Please retype the records below exactly, from the first line down to and including the line with "using t l1_dist_dn[of".

-- Records shown follows --

text \<open>With probability at least \<open>q z_min = 2\<gamma>\<close> the chain moves one step closer to \<open>x\<close>,
  which multiplies the proximity by \<open>1/\<gamma>\<close>.\<close>
lemma step_expect_proximity:
  assumes "d \<noteq> x"
  shows "2 * proximity x d \<le> step_expect d (proximity x)"
proof -
  obtain t where t: "d t \<noteq> x t"
    using assms by (meson ext)
  define y where "y = (if x t < d t then dn d t else up d t)"
  define w where "w = (if x t < d t then 1 - \<alpha> d t else \<alpha> d t)"
  have "Suc (l1_dist x y) = l1_dist x d"
    using t l1_dist_dn[of x t d] l1_dist_up[of d t x] by (auto simp: y_def)
  then have closer: "proximity x d = \<gamma> * proximity x y"
    by (metis proximity_def power_Suc)
  have "q \<le> w"
    using assign_prob_bounds[of d t] p_plus_q by (auto simp: w_def)
  then have "q * proximity x y \<le> w * proximity x y"
    by (intro mult_right_mono proximity_nonneg)
  also have "\<dots> \<le> \<alpha> d t * proximity x (up d t) + (1 - \<alpha> d t) * proximity x (dn d t)"
    using assign_prob_01[of d t] proximity_nonneg[of x] by (auto simp: w_def y_def)
  finally have "z_min * (q * proximity x y)
      \<le> pmf Z t * (\<alpha> d t * proximity x (up d t) + (1 - \<alpha> d t) * proximity x (dn d t))"
    using z_min_le[of t] q_pos proximity_nonneg[of x y] by (intro mult_mono) auto
  also have "\<dots> \<le> step_expect d (proximity x)"
    unfolding step_expect_def
    using assign_prob_01 proximity_nonneg
    by (intro member_le_sum[where f = "\<lambda>s. pmf Z s * (\<alpha> d s * proximity x (up d s) + (1 - \<alpha> d s) * proximity x (dn d s))"])
       (auto intro!: mult_nonneg_nonneg add_nonneg_nonneg)
  finally show ?thesis
    using closer z_min_pos by (simp add: \<gamma>_def field_simps)
qed
definition perm_disc :: "nat \<Rightarrow> (int \<Rightarrow> int) \<Rightarrow> real" where
  "perm_disc n \<sigma> = Max {disc n J (\<sigma> ` I) | I J. I \<in> zintervals n \<and> J \<in> zintervals n}"

end

(* For 1 <= k < p, the discrepancy of s |-> k s mod p on a pair of intervals of lengths N and m
   equals the deviation |#{t < N. frac (x + t k/p) < m/p} - N m/p| of an orbit of the rotation by
   k/p.  If k/p is close to some alpha in C_B, Ostrowski's method bounds this deviation: split the
   orbit greedily into at most a_(j+1) blocks of length q_j for each continued fraction
   denominator q_j of alpha.  Since q_j k/p is within 1/q_(j+1) + q_j |k/p - alpha| of an integer
   coprime to q_j, Hermite's identity shows that each block deviates by at most
   3 + 2 q_j^2 |k/p - alpha|.  As q_j grows at least like 2^(j/2), only 2 log_2 p levels occur,
   and the bound on the average of the partial quotients gives a total of
   6 B (log_2 p + 1) + 2 p^2 |k/p - alpha|.  The hypothesis provides alpha and k with
   p^2 |k/p - alpha| = O(log p), and k = p is excluded because C_B keeps distance at least
   1/(2B + 1) from 1. *)

theory Submission
  imports Defs
begin

section \<open>Multiplication modulo \<open>n\<close> on integer intervals\<close>

lemma inj_on_mult_mod_interval:
  fixes n :: nat and c a b :: int
  assumes cop: "coprime c (int n)" and len: "b - a \<le> int n"
  shows "inj_on (\<lambda>x. (c * x) mod int n) {a..<b}"
proof (rule inj_onI)
  fix x y assume x: "x \<in> {a..<b}" and y: "y \<in> {a..<b}"
    and eq: "(c * x) mod int n = (c * y) mod int n"
  have "int n dvd c * (x - y)"
    using eq by (simp add: mod_eq_dvd_iff right_diff_distrib)
  with cop have "int n dvd x - y"
    by (simp add: coprime_commute coprime_dvd_mult_right_iff)
  moreover have "\<bar>x - y\<bar> < int n" using x y len by auto
  ultimately show "x = y"
    by (metis abs_of_nat dvd_imp_le_int eq_iff_diff_eq_0 linorder_not_le)
qed

lemma card_image_mult_mod_interval:
  fixes n :: nat and c a b :: int
  assumes "coprime c (int n)" and "b - a \<le> int n"
  shows "card ((\<lambda>x. (c * x) mod int n) ` {a..<b}) = nat (b - a)"
  using card_image[OF inj_on_mult_mod_interval[OF assms]] by simp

-- Records shown concluded --

▸ **Exercise answer**:
text \<open>With probability at least \<open>q z_min = 2\<gamma>\<close> the chain moves one step closer to \<open>x\<close>,
  which multiplies the proximity by \<open>1/\<gamma>\<close>.\<close>
lemma step_expect_proximity:
  assumes "d \<noteq> x"
  shows "2 * proximity x d \<le> step_expect d (proximity x)"
proof -
  obtain t where t: "d t \<noteq> x t"
    using assms by (meson ext)
  define y where "y = (if x t < d t then dn d t else up d t)"
  define w where "w = (if x t < d t then 1 - \<alpha> d t else \<alpha> d t)"
  have "Suc (l1_dist x y) = l1_dist x d"
    using t l1_dist_dn[of x t d] l1_dist_up[of d t x] by (auto simp: y_def)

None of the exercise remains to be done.